There are many reasons for this decision, some sensible, some questionable, but let’s start with one unavoidable truth – the optics are horrible. A Nato and EU naval task group is unwilling to pass by a terrorist militia: unwilling to confront the risk that unarmed merchant mariners face in those waters every day when they are ordered to go through by their owners. I guarantee the German sailors will be livid about this – they’ll know how it looks, and how easily it could be avoided.

I won’t dwell on the politics of this decision but the Germans have been part of the EU naval task group countering Houthi aggression and reassuring shipping through the Bab-el-Mandeb chokepoint at the southern end of the Red Sea before. Suffice it to say, this decision to avoid the area is not a pro/anti-Israel thing. It will still have been decided at the political level.

Politicians view risks differently to those who are asked to run them and this is not new. Earlier this year, the British foreign office stopped our carrier HMS Queen Elizabeth from deploying to the Red Sea. The Royal Navy would have gladly gone – it’s their job, and back then with a US carrier in the area the risks would have been minimal. Today, fissures are visible between the White House attitude to the Houthi problem and the US Navy’s preferred stance. I know which one I’d back.

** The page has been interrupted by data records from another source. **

definition pos_def :: "real^'n^'n \<Rightarrow> bool" where
  "pos_def A \<longleftrightarrow> symmetric_mat A \<and> (\<forall>x. x \<noteq> 0 \<longrightarrow> 0 < x \<bullet> (A *v x))"

definition Qbar :: "(real^'n^'n) set" where
  "Qbar = {R. pos_semidef R \<and> mnorm2 R \<le> 1}"

definition dt_interconnection :: "real^'p^'p \<Rightarrow> bool" where
  "dt_interconnection L \<longleftrightarrow> (\<forall>i j. 0 \<le> L $ i $ j) \<and> (\<forall>i. (\<Sum>j\<in>UNIV. L $ i $ j) = 1)"

definition graph_edges :: "real^'p^'p \<Rightarrow> ('p \<times> 'p) set" where
  "graph_edges L = {(i,j). L $ i $ j > 0}"

definition connected_graph :: "real^'p^'p \<Rightarrow> bool" where
  "connected_graph L \<longleftrightarrow> (\<exists>k. \<forall>i. i \<noteq> k \<longrightarrow> (i,k) \<in> (graph_edges L)\<^sup>+)"

definition ones_rT :: "real^'p \<Rightarrow> real^'p^'p" where
  "ones_rT r = (\<chi> i j. r $ j)"

end

theory Submission
  imports Defs
begin

text \<open>The error \<open>e\<^sub>k = x(k) - xbar\<close> stays in the kernel of \<open>\<one>r\<^sup>T \<otimes> I\<close>, where \<open>I + (\<Lambda> - I) \<otimes> I\<close> acts as
  \<open>(\<Lambda> - \<one>r\<^sup>T) \<otimes> I\<close>. Combining the Lyapunov equation with \<open>Q\<^sub>k\<^sup>2 \<le> Q\<^sub>k\<close> (as \<open>|Q\<^sub>k| \<le> 1\<close>) shows that each step
  decreases \<open>V\<close> by at least \<open>s\<^sub>k\<^sup>2 = |(I \<otimes> Q\<^sub>k) e\<^sub>k|\<^sup>2\<close>. Persistent excitation gives
  \<open>\<epsilon> |e\<^sub>0| \<le> \<Sum>\<^sub>k |(I \<otimes> Q\<^sub>k) e\<^sub>0|\<close>, and each term differs from \<open>s\<^sub>k\<close> by at most the drift
  \<open>|e\<^sub>k - e\<^sub>0| \<le> |\<Lambda> - I| \<Sum>\<^sub>j s\<^sub>j\<close>. Hence \<open>\<epsilon>\<^sup>2 |e\<^sub>0|\<^sup>2 \<lesssim> N\<^sup>3 \<Sum>\<^sub>k s\<^sub>k\<^sup>2\<close>, and \<open>V(e\<^sub>0) \<le> \<sigma>\<^sub>m\<^sub>a\<^sub>x(\<Omega>) |e\<^sub>0|\<^sup>2\<close>
  turns the total decrease into the claimed contraction factor.\<close>

lemma kron_vec_nth:
  "(kron A B *v z) $ (i,a) = (\<Sum>j\<in>UNIV. \<Sum>b\<in>UNIV. A$i$j * B$a$b * z$(j,b))"
  unfolding kron_def matrix_vector_mult_def
  by (simp add: sum.cartesian_product split_beta flip: UNIV_Times_UNIV)
(* Consider the system, for $n\ge2$ and $j=1,\dots,n-1$, \[ y_{j,x}=2y_j(z_j+v)-\alpha_j,\quad z_{j,x}=-z_j(z_j+2v)-\mu_j,\qquad v=\frac2x(y_1z_1+\dots+y_{n-1}z_{n-1}+\beta), \] with constants $\alpha_1,\dots,\alpha_{n-1},\beta$ and pairwise distinct nonzero constants $\mu_1,\dots,\mu_{n-1}$. Put $y_n:=-\frac x2-y_1-\dots-y_{n-1}$ and $\alpha_n:=\frac12-2\beta-\alpha_1-\dots-\alpha_{n-1}$. Define the following transformations (the $\mu_j$ are never changed; unspecified quantities are unchanged). For $k=1,\dots,n-1$: $A_k$: $\tilde y_j=y_j$ for all $j$, $\tilde z_j=z_j$ ($j\neq k$), $\tilde z_k=z_k-\frac{\alpha_k}{y_k}$, $\tilde\alpha_k=-\alpha_k$, $\tilde\beta=\beta+\alpha_k$. $B_k$: $\tilde z_j=\frac{\mu_k}{z_k}-\frac{\mu_j-\mu_k}{z_j-z_k}$ ($j\ne k$), $\tilde z_k=\frac{\mu_k}{z_k}$; $\tilde y_j=\frac{z_j-z_k}{\mu_j-\mu_k}\bigl((z_j-z_k)y_j-\alpha_j\bigr)$ ($j\ne k$); $\tilde y_k=-\frac x2-\sum_{j\le n-1,\,j\neq k}\tilde y_j+\frac{z_k}{\mu_k}(z_ky_n+\alpha_n)$; $\tilde\alpha_j=\alpha_j$ ($j\neq k$), $\tilde\alpha_k=1-\alpha_k$, $\tilde\beta=\beta+\alpha_k-\frac12$. $A_n$: $\tilde y_j=y_j$, $\tilde z_j=z_j+\frac{\tilde\beta-\beta}{y_n}$, $\tilde\alpha_j=\alpha_j$, $\tilde\beta=\beta+\alpha_n$. $B_n$: $\tilde z_j=-\frac{\mu_j}{z_j}$, $\tilde y_j=\frac{z_j}{\mu_j}(z_jy_j-\alpha_j)$, $\tilde\alpha_j=\alpha_j$, $\tilde\beta=\beta+\alpha_n-\frac12$. Then each of $A_1,B_1,\dots,A_n,B_n$ maps solutions of the system with parameters $(\alpha_1,\dots,\alpha_{n-1},\beta)$ to solutions of the system with parameters $(\tilde\alpha_1,\dots,\tilde\alpha_{n-1},\tilde\beta)$, and they satisfy, for $j\neq k$ in $\{1,\dots,n\}$: $A_k^2=\mathrm{id}$, $A_jA_k=A_kA_j$, $B_k^2=\mathrm{id}$, $B_jB_k=B_kB_j$, $A_jB_k=B_kA_j$.
   Context: Formulas are considered where all denominators are nonzero; subscript $x$ denotes differentiation in $x$. *)

theory Defs
  imports "HOL-Analysis.Analysis"
begin
(* Let $P$ be a planar cyclic polygon with positive edge lengths $l_1,\dots,l_n$ such that (1) no two consecutive vertices are antipodal with respect to the circumscribed circle, and (2) $P$ does not lie on a straight line. Then $P$ is a nondegenerate (Morse) critical point of the oriented area $\mathcal A$ on $\mathbf L(l_1,\dots,l_n)$ if and only if $P$ is not a bifurcating polygon, i.e. iff $\sum_{i=1}^n\varepsilon_i\tan\alpha_i\neq0$.
   Context: $\mathbf L(l_1,\dots,l_n)$ is the space of planar polygons (closed broken lines with cyclically numbered vertices $v_1,\dots,v_n$) with $|v_iv_{i+1}|=l_i$, modulo translations and rotations. The oriented area is $\mathcal A=\frac12\sum_i(x_iy_{i+1}-x_{i+1}y_i)$ for $v_i=(x_i,y_i)$. A polygon is cyclic if all vertices lie on a circle with center $O$. $\alpha_i$ is half of the unoriented positive angle between $\overrightarrow{Ov_i}$ and $\overrightarrow{Ov_{i+1}}$; $\varepsilon_i=1$ if $O$ lies to the left of $\overrightarrow{v_iv_{i+1}}$ and $-1$ if to the right. $P$ is bifurcating if $\sum_{i=1}^n\varepsilon_i\tan\alpha_i=0$. *)

theory Defs
  imports "HOL-Analysis.Analysis"
begin

text \<open>A planar n-gon is given by its vertices v 0, ..., v (n-1) as complex numbers
  (the plane R^2 identified with C); indices are cyclic: the successor of vertex i is
  vertex (Suc i mod n). Values of v at indices >= n are irrelevant.\<close>

definition nxt :: "nat \<Rightarrow> nat \<Rightarrow> nat" where
  "nxt n i = Suc i mod n"

definition poly_area :: "nat \<Rightarrow> (nat \<Rightarrow> complex) \<Rightarrow> real" where
  "poly_area n v = (1/2) * (\<Sum>i<n. Re (v i) * Im (v (nxt n i)) - Re (v (nxt n i)) * Im (v i))"

text \<open>Side-length constraint functions: the configuration space of polygons with side
  lengths l is the common zero set of these, and L(l) is its quotient by translations and
  rotations.\<close>
definition side_constr :: "nat \<Rightarrow> (nat \<Rightarrow> real) \<Rightarrow> nat \<Rightarrow> (nat \<Rightarrow> complex) \<Rightarrow> real" where
  "side_constr n l i w = (cmod (w (nxt n i) - w i))\<^sup>2 - (l i)\<^sup>2"

definition dderiv :: "((nat \<Rightarrow> complex) \<Rightarrow> real) \<Rightarrow> (nat \<Rightarrow> complex) \<Rightarrow> (nat \<Rightarrow> complex) \<Rightarrow> real" where
  "dderiv f v u = deriv (\<lambda>t. f (\<lambda>i. v i + of_real t * u i)) 0"

definition dderiv2 :: "((nat \<Rightarrow> complex) \<Rightarrow> real) \<Rightarrow> (nat \<Rightarrow> complex) \<Rightarrow> (nat \<Rightarrow> complex)
    \<Rightarrow> (nat \<Rightarrow> complex) \<Rightarrow> real" where
  "dderiv2 f v u w = deriv (\<lambda>s. deriv (\<lambda>t. f (\<lambda>i. v i + of_real t * u i + of_real s * w i)) 0) 0"

definition tangent_sp :: "nat \<Rightarrow> (nat \<Rightarrow> real) \<Rightarrow> (nat \<Rightarrow> complex) \<Rightarrow> (nat \<Rightarrow> complex) set" where
  "tangent_sp n l v = {u. \<forall>i<n. dderiv (side_constr n l i) v u = 0}"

There is probably an essay on how the disconnect between the political/diplomatic preference and that of the armed forces actually increases risk, but that’s for another time. For now I’ll summarise it thus: if you care that much about protecting your sailors, fund and resource your navy properly. 

This is where we come to the thorny problem of warships which are not designed or equipped for full-on war – an issue faced by most modern navies.